What if you’ve decided to separate the eggs and care for them yourself? You might be too concerned about the fry being eaten by the parents to keep things as they are.

It’s certainly possible to do this. You could set up a breeding tank and then remove the angelfish from the tank once the eggs have been fertilized.

At this point, you’d have to do everything for the eggs that the parents would normally be doing. This means keeping the eggs clean, ensuring that the eggs are oxygenated, and preventing issues with fungus.

Protecting the eggs from fungus involves treating the water with fungicide. Methylene blue is a popular option since it gets rid of fungus well and it’s easy to use.

Oxygenating the eggs is easier when you place air stones in the tank. The bubbles from the air stones will oxygenate the eggs.

Admittedly, caring for the eggs yourself is a lot harder than simply allowing the parent fish to do it. It’ll take up more of your time, and it’s easy for things to go wrong.

If you’re a novice, then you’ll likely wish to avoid doing this. It might be too complex, and it’d be a better experience to simply allow the angelfish to care for the fry.

You might just have to deal with the possibility that some angelfish fry will be eaten by the parents. It’s annoying when this happens, but it might not be as big of an issue as you feared.

Final Thoughts

After learning more about angelfish egg and baby stages, you’ll have a far better idea of what to expect. The way that angelfish lay eggs is interesting, and it’s also great to know the different stages that the eggs will go through.

You should be able to take steps to make things as easy on the angelfish as possible. Give the fish good spots to lay eggs and try to keep them protected from other fish in the tank.
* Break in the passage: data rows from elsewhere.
(* Let $(X,\mathcal{A},\mu,\tau,C_\tau)$ be a composition dynamical system on $\mathbb{L}^{\varphi,h}(\mu)$. Then $C_\tau$ is positively expansive if and only if for every $A\in\mathcal{A}$ with $0<\mu(A)<\infty$, $$\inf_{n\in\mathbb{N}}\ \varphi^{-1}\!\left(\frac{1}{\int_0^{\mu(\tau^{-n}(A))}h(t)\,dt}\right)=0 .$$
   Context: Let $(X,\mathcal{A},\mu)$ be a measure space. For a measurable $g$, its distribution function is $\mu_g(\lambda)=\mu\{x:|g(x)|>\lambda\}$ and its non-increasing rearrangement is $g^*(t)=\inf\{\lambda>0:\mu_g(\lambda)\le t\}$. An Orlicz function is a convex $\varphi:[0,\infty)\to[0,\infty)$ with $\varphi(0)=0$ and $\varphi(s)\to\infty$ as $s\to\infty$; here $\varphi$ is assumed continuous and strictly increasing, and $\varphi^{-1}$ denotes its inverse. A weight is a locally integrable, non-increasing function $h:[0,\mu(X))\to(0,\infty)$. The Orlicz–Lorentz space is $\mathbb{L}^{\varphi,h}(\mu)=\{g \text{ measurable}: I_{\varphi,h}(\lambda g)<\infty \text{ for some }\lambda>0\}$ with $I_{\varphi,h}(g)=\int_0^{\mu(X)}\varphi(g^*(t))h(t)\,dt$, normed by $\|g\|_{\varphi,h}=\inf\{\lambda>0: I_{\varphi,h}(g/\lambda)\le 1\}$ (functions equal a.e. identified). For $A\in\mathcal{A}$ with $0<\mu(A)<\infty$ one has $\|\chi_A\|_{\varphi,h}=1/\varphi^{-1}\big(1/\int_0^{\mu(A)}h(t)\,dt\big)$. A composition dynamical system $(X,\mathcal{A},\mu,\tau,C_\tau)$ means: $(X,\mathcal{A},\mu)$ is $\sigma$-finite; $\tau:X\to X$ is injective and bi-measurable; there is $M>0$ with $\mu(\tau^{-1}(A))\le M\mu(A)$ for all $A\in\mathcal{A}$; and $C_\tau g=g\circ\tau$ is the (bounded) composition operator on $\mathbb{L}^{\varphi,h}(\mu)$. A bounded operator $T$ on a Banach space $Y$ with unit sphere $S_Y$ is positively expansive if for every $y\in S_Y$ there is $n\in\mathbb{N}$ with $\|T^n y\|\ge 2$ (equivalently, $\sup_{n\in\mathbb{N}}\|T^n y\|=\infty$ for every $y\ne0$). *)

theory Defs
  imports "HOL-Analysis.Analysis"
begin

definition orlicz :: "(real \<Rightarrow> real) \<Rightarrow> bool" where
  "orlicz \<phi> \<longleftrightarrow> convex_on {0..} \<phi> \<and> \<phi> 0 = 0 \<and> filterlim \<phi> at_top at_top
     \<and> continuous_on {0..} \<phi> \<and> strict_mono_on {0..} \<phi>"

definition orlicz_inv :: "(real \<Rightarrow> real) \<Rightarrow> real \<Rightarrow> real" where
  "orlicz_inv \<phi> y = the_inv_into {0..} \<phi> y"

text \<open>Extension of the inverse to [0,oo], with infinity mapped to infinity
  (needed for the convention 1/0 = oo).\<close>
definition orlicz_inv_ext :: "(real \<Rightarrow> real) \<Rightarrow> ennreal \<Rightarrow> ennreal" where
  "orlicz_inv_ext \<phi> y = (if y = \<infinity> then \<infinity> else ennreal (orlicz_inv \<phi> (enn2real y)))"

definition wdom :: "'a measure \<Rightarrow> real set" where
  "wdom M = {t. 0 \<le> t \<and> ennreal t < emeasure M (space M)}"

definition weight :: "'a measure \<Rightarrow> (real \<Rightarrow> real) \<Rightarrow> bool" where
  "weight M h \<longleftrightarrow> (\<forall>t\<in>wdom M. 0 < h t)
     \<and> (\<forall>s\<in>wdom M. \<forall>t\<in>wdom M. s \<le> t \<longrightarrow> h t \<le> h s)
     \<and> (\<forall>t\<in>wdom M. set_integrable lborel {0..t} h)"

definition Wint :: "(real \<Rightarrow> real) \<Rightarrow> real \<Rightarrow> ennreal" where
  "Wint h s = (\<integral>\<^sup>+ t. ennreal (h t) * indicator {0..<s} t \<partial>lborel)"

definition distf :: "'a measure \<Rightarrow> ('a \<Rightarrow> real) \<Rightarrow> ennreal \<Rightarrow> ennreal" where
  "distf M g lam = emeasure M {x \<in> space M. lam < ennreal \<bar>g x\<bar>}"

definition rearr :: "'a measure \<Rightarrow> ('a \<Rightarrow> real) \<Rightarrow> real \<Rightarrow> ennreal" where
  "rearr M g t = Inf {lam. 0 < lam \<and> distf M g lam \<le> ennreal t}"

definition phi_ext :: "(real \<Rightarrow> real) \<Rightarrow> ennreal \<Rightarrow> ennreal" where
  "phi_ext \<phi> x = (if x = \<infinity> then \<infinity> else ennreal (\<phi> (enn2real x)))"

definition modular :: "'a measure \<Rightarrow> (real \<Rightarrow> real) \<Rightarrow> (real \<Rightarrow> real) \<Rightarrow> ('a \<Rightarrow> real) \<Rightarrow> ennreal" where
  "modular M \<phi> h g =
     (\<integral>\<^sup>+ t. phi_ext \<phi> (rearr M g t) * ennreal (h t) * indicator (wdom M) t \<partial>lborel)"

definition OL_space :: "'a measure \<Rightarrow> (real \<Rightarrow> real) \<Rightarrow> (real \<Rightarrow> real) \<Rightarrow> ('a \<Rightarrow> real) set" where
  "OL_space M \<phi> h = {g \<in> borel_measurable M. \<exists>lam>0. modular M \<phi> h (\<lambda>x. lam * g x) < \<infinity>}"

definition OL_norm :: "'a measure \<Rightarrow> (real \<Rightarrow> real) \<Rightarrow> (real \<Rightarrow> real) \<Rightarrow> ('a \<Rightarrow> real) \<Rightarrow> real" where
  "OL_norm M \<phi> h g = Inf {lam. 0 < lam \<and> modular M \<phi> h (\<lambda>x. g x / lam) \<le> 1}"

definition comp_dyn_system ::
  "'a measure \<Rightarrow> (real \<Rightarrow> real) \<Rightarrow> (real \<Rightarrow> real) \<Rightarrow> ('a \<Rightarrow> 'a) \<Rightarrow> bool" where
  "comp_dyn_system M \<phi> h \<tau> \<longleftrightarrow>
     sigma_finite_measure M \<and> orlicz \<phi> \<and> weight M h
     \<and> inj_on \<tau> (space M) \<and> \<tau> \<in> M \<rightarrow>\<^sub>M M \<and> (\<forall>A\<in>sets M. \<tau> ` A \<in> sets M)
     \<and> (\<exists>c>0. \<forall>A\<in>sets M. emeasure M (\<tau> -` A \<inter> space M) \<le> ennreal c * emeasure M A)
     \<and> (\<exists>K. \<forall>g\<in>OL_space M \<phi> h. (\<lambda>x. g (\<tau> x)) \<in> OL_space M \<phi> h
            \<and> OL_norm M \<phi> h (\<lambda>x. g (\<tau> x)) \<le> K * OL_norm M \<phi> h g)"

definition comp_pos_expansive ::
  "'a measure \<Rightarrow> (real \<Rightarrow> real) \<Rightarrow> (real \<Rightarrow> real) \<Rightarrow> ('a \<Rightarrow> 'a) \<Rightarrow> bool" where
  "comp_pos_expansive M \<phi> h \<tau> \<longleftrightarrow>
     (\<forall>g\<in>OL_space M \<phi> h. OL_norm M \<phi> h g = 1 \<longrightarrow>
        (\<exists>n::nat. OL_norm M \<phi> h (\<lambda>x. g ((\<tau> ^^ n) x)) \<ge> 2))"

end

theory Submission
  imports Defs
begin

text \<open>
  Write \<open>\<psi>(B) = \<phi>\<^sup>-\<^sup>1(1 / W(\<mu> B))\<close> with \<open>W(s) = \<integral>\<^sub>0\<^sup>s h\<close>. For \<open>B\<close> of finite measure the Luxemburg
  norm of a scaled indicator is explicit, \<open>\<parallel>a \<chi>\<^sub>B\<parallel> = a / \<psi>(B)\<close>, and \<open>C\<^sub>\<tau>\<^sup>n\<close> maps \<open>\<chi>\<^sub>B\<close> to
  \<open>\<chi>\<^bsub>\<tau>\<^sup>-\<^sup>n B\<^esub>\<close>. If \<open>C\<^sub>\<tau>\<close> is positively expansive, applying the definition to the unit
  vector \<open>\<psi>(B) \<chi>\<^sub>B\<close> shows that every finite \<open>\<psi>(\<tau>\<^sup>-\<^sup>n A)\<close> is at least halved at some later
  time, so the infimum over \<open>n\<close> is \<open>0\<close>. Conversely, a unit vector \<open>g\<close> satisfies \<open>\<bar>g\<bar> > e\<close> on
  some \<open>A\<close> of finite positive measure (by \<open>\<sigma>\<close>-finiteness), hence
  \<open>\<parallel>C\<^sub>\<tau>\<^sup>n g\<parallel> \<ge> e \<parallel>\<chi>\<^bsub>\<tau>\<^sup>-\<^sup>n A\<^esub>\<parallel> = e / \<psi>(\<tau>\<^sup>-\<^sup>n A)\<close>, which is at least \<open>2\<close> as soon as
  \<open>\<psi>(\<tau>\<^sup>-\<^sup>n A) \<le> e / 2\<close>.
\<close>

section \<open>Orlicz functions\<close>

lemma orlicz_nonneg:
  assumes "orlicz \<phi>" "0 \<le> x"
  shows "0 \<le> \<phi> x"
  using strict_mono_on_leD[of "{0..}" \<phi> 0 x] assms by (auto simp: orlicz_def)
Using breeding tanks for angelfish pairs will be a very good idea. You don’t have to do this to successfully breed angelfish, but it will likely make it easier for the angelfish eggs to hatch.

If you’re breeding angelfish for the first time, then don’t get disheartened if mistakes occur. Not every breeding attempt will be successful.

After the angelfish matures and gains more experience, you might have better luck. Enjoy caring for the angelfish and do your best to give the new angelfish that are born a good home.